══ Data for the task ══

(* For programs $\Omega_1,\Omega_2$ with weight constraints, $\Omega_1$ is strongly equivalent to $\Omega_2$ (as programs with weight constraints) if and only if $[\Omega_1]$ is strongly equivalent to $[\Omega_2]$ (as programs with nested expressions).
   Context: Programs with nested expressions. A literal is a propositional atom $a$ or its classical negation $\neg a$; a set of literals is consistent if it contains no pair $a,\neg a$. Elementary formulas are literals, $\bot$, $\top$. Formulas are built with $\mathit{not}$, "," (conjunction) and ";" (disjunction). A rule is $\mathit{Head}\leftarrow\mathit{Body}$ with formulas; a program is a set of rules. For consistent $Z$: $Z\models l$ iff $l\in Z$; $Z\models\top$; $Z\not\models\bot$; $Z\models(F,G)$ iff both; $Z\models(F;G)$ iff at least one; $Z\models\mathit{not}\,F$ iff $Z\not\models F$; $Z$ satisfies a program if $Z\models\mathit{Body}$ implies $Z\models\mathit{Head}$ for every rule. Reduct: $F^Z=F$ for elementary $F$, commutes with "," and ";", $(\mathit{not}\,F)^Z=\bot$ if $Z\models F$, $\top$ otherwise; $\Pi^Z$ applies this to heads and bodies. $Z$ is an answer set of a $\mathit{not}$-free program if it is a minimal consistent set satisfying it, and of $\Pi$ if it is an answer set of $\Pi^Z$. Programs $\Pi_1,\Pi_2$ with nested expressions are strongly equivalent if for every program $\Pi$ with nested expressions, $\Pi_1\cup\Pi$ and $\Pi_2\cup\Pi$ have the same answer sets. $\langle F_1,\dots,F_n\rangle:X$ is the disjunction over $I\in X$ of the conjunctions of $F_i$, $i\in I$ (empty conjunction $\top$, empty disjunction $\bot$). Programs with weight constraints. A rule element is a literal $l$ (positive) or $\mathit{not}\,l$ (negative). A weight constraint is $L\le\{c_1=w_1,\dots,c_m=w_m\}\le U$ ($L,U$ reals or $\pm\infty$, $w_i\ge0$ reals). A rule is $C_0\leftarrow C_1,\dots,C_n$ with weight constraints; the rule elements of $C_0$ are its head elements; a program is a set of rules; a literal $c$ is identified with $1\le\{c=1\}$. $Z$ satisfies a constraint if $L\le\sum_{j:Z\models c_j}w_j\le U$, and a program if every rule whose body constraints are all satisfied has its head satisfied. $(L\le S)^Z=L^Z\le S'$, where $S'$ drops negative pairs and $L^Z$ is $L$ minus the sum of weights of negative pairs $c=w$ with $Z\models c$. The reduct of $L_0\le S_0\le U_0\leftarrow L_1\le S_1\le U_1,\dots,L_n\le S_n\le U_n$ is, if $Z\models S_i\le U_i$ for all $i\ge1$, the rules $l\leftarrow(L_1\le S_1)^Z,\dots,(L_n\le S_n)^Z$ for the positive head elements $l\in Z$; otherwise empty. $\Omega^Z$ is the union; $\mathit{cl}(\Omega^Z)$ is its unique minimal satisfying set of literals. $Z$ is an answer set of $\Omega$ if $Z\models\Omega$ and $\mathit{cl}(\Omega^Z)=Z$. $\Omega_1,\Omega_2$ are strongly equivalent if for every program $\Omega$ with weight constraints, $\Omega_1\cup\Omega$ and $\Omega_2\cup\Omega$ have the same answer sets. Translation: $[w\le S]=\langle c_1,\dots,c_m\rangle:\{I: w\le\sum_{i\in I}w_i\}$, $[w<S]=\langle c_1,\dots,c_m\rangle:\{I: w<\sum_{i\in I}w_i\}$, $[S\le U]=\mathit{not}\,[U<S]$, $[L\le S\le U]=[L\le S],[S\le U]$; $[\Omega]$ replaces each rule $C_0\leftarrow C_1,\dots,C_n$ by $(l_1;\mathit{not}\,l_1),\dots,(l_p;\mathit{not}\,l_p),[C_0]\leftarrow[C_1],\dots,[C_n]$, $l_1,\dots,l_p$ the positive head elements. *)

theory Defs
  imports Complex_Main "HOL-Library.Extended_Real"
begin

═══

### Task description
Would you repeat each line above exactly as it stands?

### Final answer
(* For programs $\Omega_1,\Omega_2$ with weight constraints, $\Omega_1$ is strongly equivalent to $\Omega_2$ (as programs with weight constraints) if and only if $[\Omega_1]$ is strongly equivalent to $[\Omega_2]$ (as programs with nested expressions).
   Context: Programs with nested expressions. A literal is a propositional atom $a$ or its classical negation $\neg a$; a set of literals is consistent if it contains no pair $a,\neg a$. Elementary formulas are literals, $\bot$, $\top$. Formulas are built with $\mathit{not}$, "," (conjunction) and ";" (disjunction). A rule is $\mathit{Head}\leftarrow\mathit{Body}$ with formulas; a program is a set of rules. For consistent $Z$: $Z\models l$ iff $l\in Z$; $Z\models\top$; $Z\not\models\bot$; $Z\models(F,G)$ iff both; $Z\models(F;G)$ iff at least one; $Z\models\mathit{not}\,F$ iff $Z\not\models F$; $Z$ satisfies a program if $Z\models\mathit{Body}$ implies $Z\models\mathit{Head}$ for every rule. Reduct: $F^Z=F$ for elementary $F$, commutes with "," and ";", $(\mathit{not}\,F)^Z=\bot$ if $Z\models F$, $\top$ otherwise; $\Pi^Z$ applies this to heads and bodies. $Z$ is an answer set of a $\mathit{not}$-free program if it is a minimal consistent set satisfying it, and of $\Pi$ if it is an answer set of $\Pi^Z$. Programs $\Pi_1,\Pi_2$ with nested expressions are strongly equivalent if for every program $\Pi$ with nested expressions, $\Pi_1\cup\Pi$ and $\Pi_2\cup\Pi$ have the same answer sets. $\langle F_1,\dots,F_n\rangle:X$ is the disjunction over $I\in X$ of the conjunctions of $F_i$, $i\in I$ (empty conjunction $\top$, empty disjunction $\bot$). Programs with weight constraints. A rule element is a literal $l$ (positive) or $\mathit{not}\,l$ (negative). A weight constraint is $L\le\{c_1=w_1,\dots,c_m=w_m\}\le U$ ($L,U$ reals or $\pm\infty$, $w_i\ge0$ reals). A rule is $C_0\leftarrow C_1,\dots,C_n$ with weight constraints; the rule elements of $C_0$ are its head elements; a program is a set of rules; a literal $c$ is identified with $1\le\{c=1\}$. $Z$ satisfies a constraint if $L\le\sum_{j:Z\models c_j}w_j\le U$, and a program if every rule whose body constraints are all satisfied has its head satisfied. $(L\le S)^Z=L^Z\le S'$, where $S'$ drops negative pairs and $L^Z$ is $L$ minus the sum of weights of negative pairs $c=w$ with $Z\models c$. The reduct of $L_0\le S_0\le U_0\leftarrow L_1\le S_1\le U_1,\dots,L_n\le S_n\le U_n$ is, if $Z\models S_i\le U_i$ for all $i\ge1$, the rules $l\leftarrow(L_1\le S_1)^Z,\dots,(L_n\le S_n)^Z$ for the positive head elements $l\in Z$; otherwise empty. $\Omega^Z$ is the union; $\mathit{cl}(\Omega^Z)$ is its unique minimal satisfying set of literals. $Z$ is an answer set of $\Omega$ if $Z\models\Omega$ and $\mathit{cl}(\Omega^Z)=Z$. $\Omega_1,\Omega_2$ are strongly equivalent if for every program $\Omega$ with weight constraints, $\Omega_1\cup\Omega$ and $\Omega_2\cup\Omega$ have the same answer sets. Translation: $[w\le S]=\langle c_1,\dots,c_m\rangle:\{I: w\le\sum_{i\in I}w_i\}$, $[w<S]=\langle c_1,\dots,c_m\rangle:\{I: w<\sum_{i\in I}w_i\}$, $[S\le U]=\mathit{not}\,[U<S]$, $[L\le S\le U]=[L\le S],[S\le U]$; $[\Omega]$ replaces each rule $C_0\leftarrow C_1,\dots,C_n$ by $(l_1;\mathit{not}\,l_1),\dots,(l_p;\mathit{not}\,l_p),[C_0]\leftarrow[C_1],\dots,[C_n]$, $l_1,\dots,l_p$ the positive head elements. *)

theory Defs
  imports Complex_Main "HOL-Library.Extended_Real"
begin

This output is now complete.